I have a licence of the DOX module, and find it very
convenient. It is however quite expensive.

I would suggest that DOX should be part of future S-Plus
versions, to promote via S-Plus the use of experimental
designs. The surface, contour and image functions for
Response Surface Designs need to be "Trellis-ized".

Mixture designs (where the ingredient factors sum up to
a constant) should also be integrated, with a plot function
to visualize the response surface in triangles (see the
book by Khuri et al.).

##########

Charlie Roosen kindly invited users' suggestions on statistical
enhancements to S+. so here are some initial thoughts :-

1. Put the non-central distributions on the same basis
as the central.

2. Add an option to VARCOMP to obtain estimated variances
by method-of-moments; alternatively, enable RAOV to
deal with unbalanced data.

3. Provide a set of QC facilities along the lines of QTOOLBOX
and perhaps lose the existing qcc-object based stuff ;-)

4. Incorporate DOX facilities into mainstream S+

5. Not really a statistical one this - provide a method of
producing smoothly 'animated' graphics.

##########

fao Charles Roosen--

THESE ARE A FEW OF MY FAVOURITE THINGS:

In fitting GAMs:

(1) the ability to have independent smooths in different factor levels. EG
growth~ lo( temperature) %in% gender

(2) cyclic smoothers, e.g. depth~lo( julian.date, period=365). The "supsmu" function can already do this (but not in GAMs), and
there's absolutely no reason why "lo" and "s" couldn't be adapted. Although one can fudge a result via
depth~lo( sin( 2*julian.date %% 365)) + lo( cos( 2*pi*julian.date %% 365)), this is less satisfactory for several reasons, e.g. how to interpret degrees-of-freedom.

In "survreg":
(3) the ability to handle negative responses without complaint. This behaviour could be governed by a
parameter "allow.negative=F" in the arguments, for consistency with the current version. I have used "survreg" to
analyze censored non-survival data (at the suggestion of s-news; I hadn't realized it was useful outside
survival analysis) and it was awkward to have to adjust my data to fit the program's requirements.

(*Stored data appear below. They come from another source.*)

lemma doubling_geometric_decay:
  fixes f :: "real \<Rightarrow> real"
  assumes dbl: "\<forall>y\<ge>Y. f y > 0 \<and> f (2 * y) \<le> 2 powr s' * f y" and y: "y \<ge> Y" "y > 0"
  shows "f (2^k * y) * (2^k * y) powr (-t) \<le> (2 powr (s' - t))^k * (f y * y powr (-t))"
proof (induction k)
  case (Suc k)
  have "y \<le> 2^k * y"
    using y(2) by simp
  then have z: "2^k * y \<ge> Y" "2^k * y > 0"
    using y by linarith+
  have "f (2^Suc k * y) * (2^Suc k * y) powr (-t)
      = f (2 * (2^k * y)) * (2 powr (-t) * (2^k * y) powr (-t))"
    using z by (simp add: powr_mult mult.assoc)
  also have "\<dots> \<le> 2 powr s' * f (2^k * y) * (2 powr (-t) * (2^k * y) powr (-t))"
    using dbl z by (intro mult_right_mono) auto
  also have "\<dots> = 2 powr (s' - t) * (f (2^k * y) * (2^k * y) powr (-t))"
    by (simp add: powr_diff powr_minus field_simps)
  also have "\<dots> \<le> 2 powr (s' - t) * ((2 powr (s' - t))^k * (f y * y powr (-t)))"
    using Suc by (intro mult_left_mono) auto
  finally show ?case
    by simp
qed simp

section \<open>Dyadic block counts and tail sums\<close>

lemma count_exponent_nonneg:
  fixes E :: "nat set" and f :: "real \<Rightarrow> real"
  assumes rv: "regularly_varying f s" and c: "c > 0" and C: "C > 0"
    and cnt: "\<forall>N\<ge>N0. c * f (real N) \<le> real (card (E \<inter> {N..2*N})) \<and>
                     real (card (E \<inter> {N..2*N})) \<le> C * f (real N)"
  shows "s \<ge> 0"
proof (rule ccontr)
  assume "\<not> s \<ge> 0"
  then obtain Y where dbl: "\<forall>y\<ge>Y. f y > 0 \<and> f (2 * y) \<le> 2 powr (s/2) * f y"
    using regularly_varying_doubling[OF rv, of "s/2"] by auto
  define \<theta> where "\<theta> = (2::real) powr (s/2)"
  have \<theta>: "0 < \<theta>" "\<theta> < 1"
    using \<open>\<not> s \<ge> 0\<close> by (auto simp: \<theta>_def powr_less_one)
  define N where "N = max N0 (nat \<lceil>Y\<rceil>) + 1"
  have N: "real N \<ge> Y" "real N > 0" "N \<ge> N0"
    unfolding N_def by linarith+
  have decay: "f (2^k * real N) \<le> \<theta>^k * f (real N)" for k
    using doubling_geometric_decay[OF dbl N(1,2), of k 0] N(2) by (simp add: \<theta>_def)
  \<comment> \<open>The upper count bound for the block at \<open>2^k N\<close> eventually drops below 1, the lower one stays positive.\<close>
  have "(\<lambda>k. C * (\<theta>^k * f (real N))) \<longlonglongrightarrow> C * (0 * f (real N))"
    using \<theta> by (intro tendsto_intros LIMSEQ_power_zero) auto
  then have "\<forall>\<^sub>F k in sequentially. C * (\<theta>^k * f (real N)) < 1"
    by (rule order_tendstoD) simp
  then obtain k where k: "C * (\<theta>^k * f (real N)) < 1"
    by (auto simp: eventually_sequentially)
  define M where "M = 2^k * N"
  have "N \<le> M"
    by (simp add: M_def)
  then have M: "M \<ge> N0" "real M \<ge> Y"
    using N by linarith+
  have "0 < c * f (real M)"
    using c dbl M(2) by simp
  also have "\<dots> \<le> real (card (E \<inter> {M..2*M}))"
    using cnt M(1) by blast
  finally have "card (E \<inter> {M..2*M}) \<ge> 1"
    by simp
  then have "1 \<le> real (card (E \<inter> {M..2*M}))"
    by simp
  also have "\<dots> \<le> C * f (real M)"
    using cnt M(1) by blast
  also have "\<dots> \<le> C * (\<theta>^k * f (real N))"
    using decay[of k] C by (simp add: M_def)
  finally show False
    using k by simp
qed

definition tail_sum :: "nat set \<Rightarrow> (real \<Rightarrow> real) \<Rightarrow> real \<Rightarrow> ennreal" where
  "tail_sum E g x = (\<integral>\<^sup>+ b. indicator {b. real b > x} b * ennreal (g (real b)) \<partial>count_space E)"

lemma nn_integral_count_space_const_indicator:
  fixes E B :: "nat set"
  assumes "B \<subseteq> E" "finite B" "c \<ge> 0"
  shows "(\<integral>\<^sup>+ b. ennreal c * indicator B b \<partial>count_space E) = ennreal (c * real (card B))"
proof -
  have "(\<integral>\<^sup>+ b. ennreal c * indicator B b \<partial>count_space E) = ennreal c * emeasure (count_space E) B"
    using assms(1) by (intro nn_integral_cmult_indicator) auto
  also have "\<dots> = ennreal (c * real (card B))"
    using assms by (simp add: ennreal_mult ennreal_of_nat_eq_real_of_nat)
  finally show ?thesis .
qed

lemma block_le_tail_sum:
  fixes E :: "nat set"
  assumes "x < real N" "a \<ge> 0"
  shows "ennreal ((real (2*N) + 1) powr (-a) * real (card (E \<inter> {N..2*N})))
           \<le> tail_sum E (\<lambda>t. (t + 1) powr (-a)) x"
proof -
  let ?B = "E \<inter> {N..2*N}" and ?P = "(real (2*N) + 1) powr (-a)"
  have "ennreal (?P * real (card ?B)) = (\<integral>\<^sup>+ b. ennreal ?P * indicator ?B b \<partial>count_space E)"
    by (rule nn_integral_count_space_const_indicator[symmetric]) auto
  also have "\<dots> \<le> tail_sum E (\<lambda>t. (t + 1) powr (-a)) x"
    unfolding tail_sum_def
  proof (intro nn_integral_mono)
    fix b
    show "ennreal ?P * indicator ?B b \<le> indicator {b. real b > x} b * ennreal ((real b + 1) powr (-a))"
    proof (cases "b \<in> ?B")
      case True
      then have "real b > x" "?P \<le> (real b + 1) powr (-a)"
        using assms by (auto intro!: powr_mono2')
      then show ?thesis
        using True by (simp add: ennreal_leI)
    qed simp
  qed
  finally show ?thesis .
qed

lemma tail_sum_lower_bound:
  fixes E :: "nat set" and f :: "real \<Rightarrow> real"
  assumes \<delta>: "\<delta> \<ge> 0" and cmp: "dyadically_comparable f K X1" and c0: "c0 > 0"
    and cnt: "\<forall>N\<ge>N0. c0 * f (real N) \<le> real (card (E \<inter> {N..2*N}))"
    and x: "x \<ge> max (max X1 2) (real N0)"
  shows "ennreal (c0 / K * 5 powr (-2*\<delta>) * (x powr (-2*\<delta>) * f x))
           \<le> tail_sum E (\<lambda>t. (t + 1) powr (-2*\<delta>)) x"
proof -
  have K: "K \<ge> 1"
    using cmp by (simp add: dyadically_comparable_def)
  define N where "N = nat \<lceil>x\<rceil> + 1"
  have "real N = of_int \<lceil>x\<rceil> + 1"
    using x by (simp add: N_def)
  then have N: "x + 1 \<le> real N" "real N \<le> x + 2"
    using ceiling_correct[of x] by linarith+
  then have "N \<ge> N0"
    using x by linarith
  define P where "P = (real (2*N) + 1) powr (-2*\<delta>)"
  have P: "P \<ge> 0" "(5 * x) powr (-2*\<delta>) \<le> P"
    unfolding P_def using \<delta> x N by (auto intro!: powr_mono2')
  have fx: "f x > 0" "f x \<le> K * f (real N)"
    using x N by (auto intro: dyadically_comparable_pos[OF cmp] dyadically_comparableD(1)[OF cmp])
  have "c0 / K * 5 powr (-2*\<delta>) * (x powr (-2*\<delta>) * f x) = c0 * (5 * x) powr (-2*\<delta>) * (f x / K)"
    using x K by (simp add: powr_mult field_simps)
  also have "\<dots> \<le> c0 * P * f (real N)"
  proof (rule mult_mono)
    show "c0 * (5 * x) powr (-2*\<delta>) \<le> c0 * P"
      using c0 P by simp
    show "f x / K \<le> f (real N)"
      using fx K by (simp add: divide_le_eq mult.commute)
  qed (use c0 P fx K in auto)
  also have "\<dots> = P * (c0 * f (real N))"
    by (simp add: ac_simps)
  also have "\<dots> \<le> P * real (card (E \<inter> {N..2*N}))"
    using cnt \<open>N \<ge> N0\<close> P by (intro mult_left_mono) auto
  finally have "ennreal (c0 / K * 5 powr (-2*\<delta>) * (x powr (-2*\<delta>) * f x))
      \<le> ennreal (P * real (card (E \<inter> {N..2*N})))"
    by (rule ennreal_leI)
  also have "\<dots> \<le> tail_sum E (\<lambda>t. (t + 1) powr (-2*\<delta>)) x"
    using block_le_tail_sum[of x N "2*\<delta>" E] N \<delta> by (simp add: P_def)
  finally show ?thesis .
qed

lemma dyadic_block_exists:
  fixes M b :: nat
  assumes "M \<ge> 1" "M \<le> b"
  shows "\<exists>k. 2^k * M \<le> b \<and> b < 2^Suc k * M"
proof -
  have "b div M \<ge> 1"
    using assms by (simp add: Suc_le_eq div_greater_zero_iff)
  then obtain k where k: "2^k \<le> b div M" "b div M < 2^(k + 1)"
    using ex_power_ivl1[of 2 "b div M"] by auto
  have "2^k * M \<le> b div M * M"
    using k(1) by (rule mult_right_mono) simp
  also have "\<dots> \<le> b"
    by simp
  finally have lower: "2^k * M \<le> b" .
  have "b < (b div M + 1) * M"
    using dividend_less_times_div[of M b] assms(1) by (simp add: mult.commute)
  also have "\<dots> \<le> 2^Suc k * M"
    using k(2) by (intro mult_right_mono) auto
  finally show ?thesis
    using lower by blast
qed

lemma tail_sum_le_dyadic_blocks:
  fixes E :: "nat set"
  assumes M: "M \<ge> 1" "real M \<le> y" and a: "a \<ge> 0"
  shows "tail_sum E (\<lambda>t. t powr (-a)) y
           \<le> (\<Sum>k. ennreal (real (2^k * M) powr (-a) * real (card (E \<inter> {2^k * M..2 * (2^k * M)}))))"
proof -
  define w where "w k = real (2^k * M) powr (-a)" for k
  define B where "B k = E \<inter> {2^k * M..2 * (2^k * M)}" for k
  have "indicator {b. real b > y} b * ennreal (real b powr (-a)) \<le> (\<Sum>k. ennreal (w k) * indicator (B k) b)"
    if "b \<in> E" for b
  proof (cases "real b > y")
    case True
    then have "real M \<le> real b"
      using M(2) by linarith
    then obtain k where k: "2^k * M \<le> b" "b < 2^Suc k * M"
      using dyadic_block_exists[OF M(1)] by auto
    have "real (2^k * M) \<le> real b"
      using k(1) by (simp only: of_nat_le_iff)
    then have "real b powr (-a) \<le> w k"
      unfolding w_def using M(1) a by (intro powr_mono2') simp_all
    then have "indicator {b. real b > y} b * ennreal (real b powr (-a)) \<le> ennreal (w k) * indicator (B k) b"
      using True k that by (simp add: B_def ennreal_leI)
    also have "\<dots> = (\<Sum>j\<in>{k}. ennreal (w j) * indicator (B j) b)"
      by (subst sum.insert) simp_all
    also have "\<dots> \<le> (\<Sum>j. ennreal (w j) * indicator (B j) b)"
      by (rule sum_le_suminf) (auto intro: summableI)
    finally show ?thesis .
  qed simp
  then have "tail_sum E (\<lambda>t. t powr (-a)) y \<le> (\<integral>\<^sup>+ b. (\<Sum>k. ennreal (w k) * indicator (B k) b) \<partial>count_space E)"
    unfolding tail_sum_def by (intro nn_integral_mono) auto
  also have "\<dots> = (\<Sum>k. \<integral>\<^sup>+ b. ennreal (w k) * indicator (B k) b \<partial>count_space E)"
    by (rule nn_integral_suminf) simp
  also have "\<dots> = (\<Sum>k. ennreal (w k * real (card (B k))))"
    by (simp add: B_def w_def nn_integral_count_space_const_indicator)
  finally show ?thesis
    by (simp add: w_def B_def)
qed

lemma suminf_ennreal_geometric:
  fixes c q :: real
  assumes "c \<ge> 0" "0 \<le> q" "q < 1"
  shows "(\<Sum>k. ennreal (c * q^k)) = ennreal (c / (1 - q))"
proof -
  have "summable (\<lambda>k. q^k)"
    using assms by (intro summable_geometric) simp
  then have "(\<Sum>k. ennreal (c * q^k)) = ennreal (\<Sum>k. c * q^k)"
    using assms by (intro suminf_ennreal2) (auto intro: summable_mult)
  also have "(\<Sum>k. c * q^k) = c / (1 - q)"
    using assms by (simp add: suminf_mult suminf_geometric)
  finally show ?thesis .
qed

lemma dyadic_block_contribution_le:
  fixes E :: "nat set" and f :: "real \<Rightarrow> real"
  assumes cnt: "\<forall>N\<ge>N0. real (card (E \<inter> {N..2*N})) \<le> C0 * f (real N)" and C0: "C0 \<ge> 0"
    and dbl: "\<forall>y\<ge>Y. f y > 0 \<and> f (2 * y) \<le> 2 powr s' * f y"
    and M: "N0 \<le> M" "Y \<le> real M" "M \<ge> 1"
  shows "real (2^k * M) powr (-a) * real (card (E \<inter> {2^k * M..2 * (2^k * M)}))
           \<le> C0 * (f (real M) * real M powr (-a)) * (2 powr (s' - a))^k"
proof -
  have "N0 \<le> 2^k * M"
    using M(1) by (simp add: le_trans)
  then have "real (card (E \<inter> {2^k * M..2 * (2^k * M)})) \<le> C0 * f (real (2^k * M))"
    using cnt by blast
  then have "real (2^k * M) powr (-a) * real (card (E \<inter> {2^k * M..2 * (2^k * M)}))
      \<le> real (2^k * M) powr (-a) * (C0 * f (real (2^k * M)))"
    by (rule mult_left_mono) simp
  also have "\<dots> = C0 * (f (2^k * real M) * (2^k * real M) powr (-a))"
    by (simp add: ac_simps)
  also have "\<dots> \<le> C0 * ((2 powr (s' - a))^k * (f (real M) * real M powr (-a)))"
    using doubling_geometric_decay[OF dbl, of "real M" k a] M C0 by (intro mult_left_mono) simp_all
  finally show ?thesis
    by (simp only: mult.assoc mult.commute[of "(2 powr (s' - a))^k"])
qed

Unlike other respondents, I have had no problems linking external code to S-PLUS (in my case, DLLs written in Delphi); it's easy and incredibly useful. But I appreciate that things are not so straightforward on other platforms.

Thanks for asking--

#########

Charlie,

First, let me start off by saying that I am a most enthusiastic user of SPlus. (At my suggestion, given prior to 4.0, I have had SPlus installed in one bank and one insurance modeling firm.) As far as I'm concerned, SPlus can do more and prettier than any of the other packages out there. With one glaring exception: SPlus 4.0 is awful from a performance point of view. Just this evening I read something on the s-news about having to wait over ten minutes to open SPlus with a moderate data set. I hate SAS but still have to use it just because SPlus can't handle the large datasets that I use. At one of my work stations I have 4.0 but only use the 3.0 capabilities. At my other workstation I haven't even loaded 4.0 because I can't handle the extreme peroformance degredation.

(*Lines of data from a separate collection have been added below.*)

lemma sum_abs_D_beta_minus_D_gamma_le_inverse:
  assumes "0 < p" "p \<le> q" "0 < S" "2304 * S\<^sup>2 * p \<le> q" and unit: "unit_superposition p \<alpha>"
  shows "(\<Sum>i<p. \<bar>D_beta p (FT p p \<alpha>) i - D_gamma p q (FT q p \<alpha>) i\<bar>) \<le> 1 / S"
proof -
  have "real p / q \<le> (1 / (48 * S))\<^sup>2"
    using assms by (simp add: field_simps power2_eq_square)
  then have "sqrt (p / q) \<le> 1 / (48 * S)"
    using \<open>0 < S\<close> by (simp add: real_le_lsqrt)
  then have "12 * pi * sqrt (p / q) \<le> 12 * 4 * (1 / (48 * S))"
    using pi_less_4 by (intro mult_mono) auto
  then show ?thesis
    using sum_abs_D_beta_minus_D_gamma_le[OF \<open>0 < p\<close> \<open>p \<le> q\<close> unit] \<open>0 < S\<close> by simp
qed

theorem theorem1:
  fixes p :: "nat \<Rightarrow> nat"
  assumes ppos: "\<forall>n. p n > 0"
    and pbound: "\<exists>k::nat. (\<lambda>n. real (p n)) \<in> O(\<lambda>n. 2 ^ (n ^ k))"
  shows "\<forall>s :: real poly. (\<forall>n::nat. poly s (real n) > 0) \<longrightarrow>
           (\<exists>t :: real poly. \<forall>(n::nat) (q::nat) (\<alpha>::nat \<Rightarrow> complex).
              q > p n \<longrightarrow> real q \<ge> poly t (real n) * real (p n) \<longrightarrow>
              unit_superposition (p n) \<alpha> \<longrightarrow>
              (\<Sum>i<p n. \<bar>D_beta (p n) (FT (p n) (p n) \<alpha>) i
                         - D_gamma (p n) q (FT q (p n) \<alpha>) i\<bar>) \<le> 1 / poly s (real n))"
proof -
  have "(\<Sum>i<p n. \<bar>D_beta (p n) (FT (p n) (p n) \<alpha>) i - D_gamma (p n) q (FT q (p n) \<alpha>) i\<bar>)
          \<le> 1 / poly s (real n)"
    if "\<forall>n::nat. poly s (real n) > 0" "p n < q"
      and "poly (smult 2304 (s * s)) (real n) * real (p n) \<le> real q" "unit_superposition (p n) \<alpha>"
    for s :: "real poly" and n q \<alpha>
    using sum_abs_D_beta_minus_D_gamma_le_inverse[of "p n" q "poly s (real n)" \<alpha>] that ppos
    by (simp add: power2_eq_square)
  then show ?thesis
    by blast
qed

end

In summary, I guess I would have to say that I think that you should spend all your time and effort on fixing the performance problems introduced in 4.0 and drop all the so-called GUI improvements (-- I still can't make a graph look the way I want unless I use the command line mode) before thinking about adding more statistical capabilities. I don't mind arcane syntax as long as it works, something the drag-and-drop paradigm doesn't!

I love what SPlus can do and does, but you've got to fix these problems before I consider recommending or buying again.

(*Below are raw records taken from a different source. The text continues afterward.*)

(* Let $G$ be a finite simple robust graph and let $v \in V(G)$ with $d(v) \leq 6$. If $\Delta(\overline{G[N(v)]}) > 1$, then $\{v\}$ is reducible in $G$. Also, if $\overline{G[N(v)]}$ has exactly $2$ edges, then $\{v\}$ is reducible in $G$.
   Context: $\overline{H}$ is the complement of $H$. $G$ is robust if for every $u\in V(G)$, every component of $G[N(u)]$ has at least $5$ vertices. For a set $\mathcal{S}$ of triangles, an $\mathcal{S}$-edge is an edge of a triangle in $\mathcal{S}$. A nonempty set $V_0 \subseteq V(G)$ is reducible if there exist a set $\mathcal{S}$ of pairwise edge-disjoint triangles of $G$ and a set $X \subseteq E(G)$ such that (i) $|X| \leq 2|\mathcal{S}|$; (ii) $G - X$ has no triangle containing a vertex of $V_0$; (iii) $X$ contains every $\mathcal{S}$-edge whose endpoints both lie outside $V_0$. *)

theory Defs
  imports Main
begin

definition simple_graph :: "'a set \<Rightarrow> 'a set set \<Rightarrow> bool" where
  "simple_graph V E \<longleftrightarrow> finite V \<and>
     (\<forall>e\<in>E. \<exists>a b. e = {a, b} \<and> a \<noteq> b \<and> a \<in> V \<and> b \<in> V)"

definition nbhd :: "'a set set \<Rightarrow> 'a \<Rightarrow> 'a set" where
  "nbhd E u = {w. {u, w} \<in> E}"

definition degree :: "'a set set \<Rightarrow> 'a \<Rightarrow> nat" where
  "degree E u = card (nbhd E u)"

If there is any way at all in which I can help, please let me know.

Thanks

#######

Charlie,
A key concern of mine is to implement 'sliders' in SPLUS. Some of
us have begun to 'brew' our own, but it would be nice if sliders, 1 or
2 dimensional (?) at least, were to be implemented in successive versions
of the language. Can you confirm whether this feature is planned, and if
so when we might expect it?

##########

Dr. Roosen,

Recently I have been using preatty intensively the KernSmooth library
wrote by Matt Wand. Essentially it does binned kernel smoothing (for
2D-density as well). I think it's a worthwile complement to the ksmooth
function of Splus (I am using 3.3 for Unix, I don't know if in 3.4 it is
better), especially in the speed when a lot of data is involved, although
I believe some improvements can be done.

Matt Wand has a newer version than the one available at Statlib. It is
available from his webpage at

http://www.biostat.harvard.edu/~mwand/software.html

I would like also to see some function that does GMM (generalized method
of moments), which is widely used in economics, especially with financial
data. The only time I used it I programmed it myself.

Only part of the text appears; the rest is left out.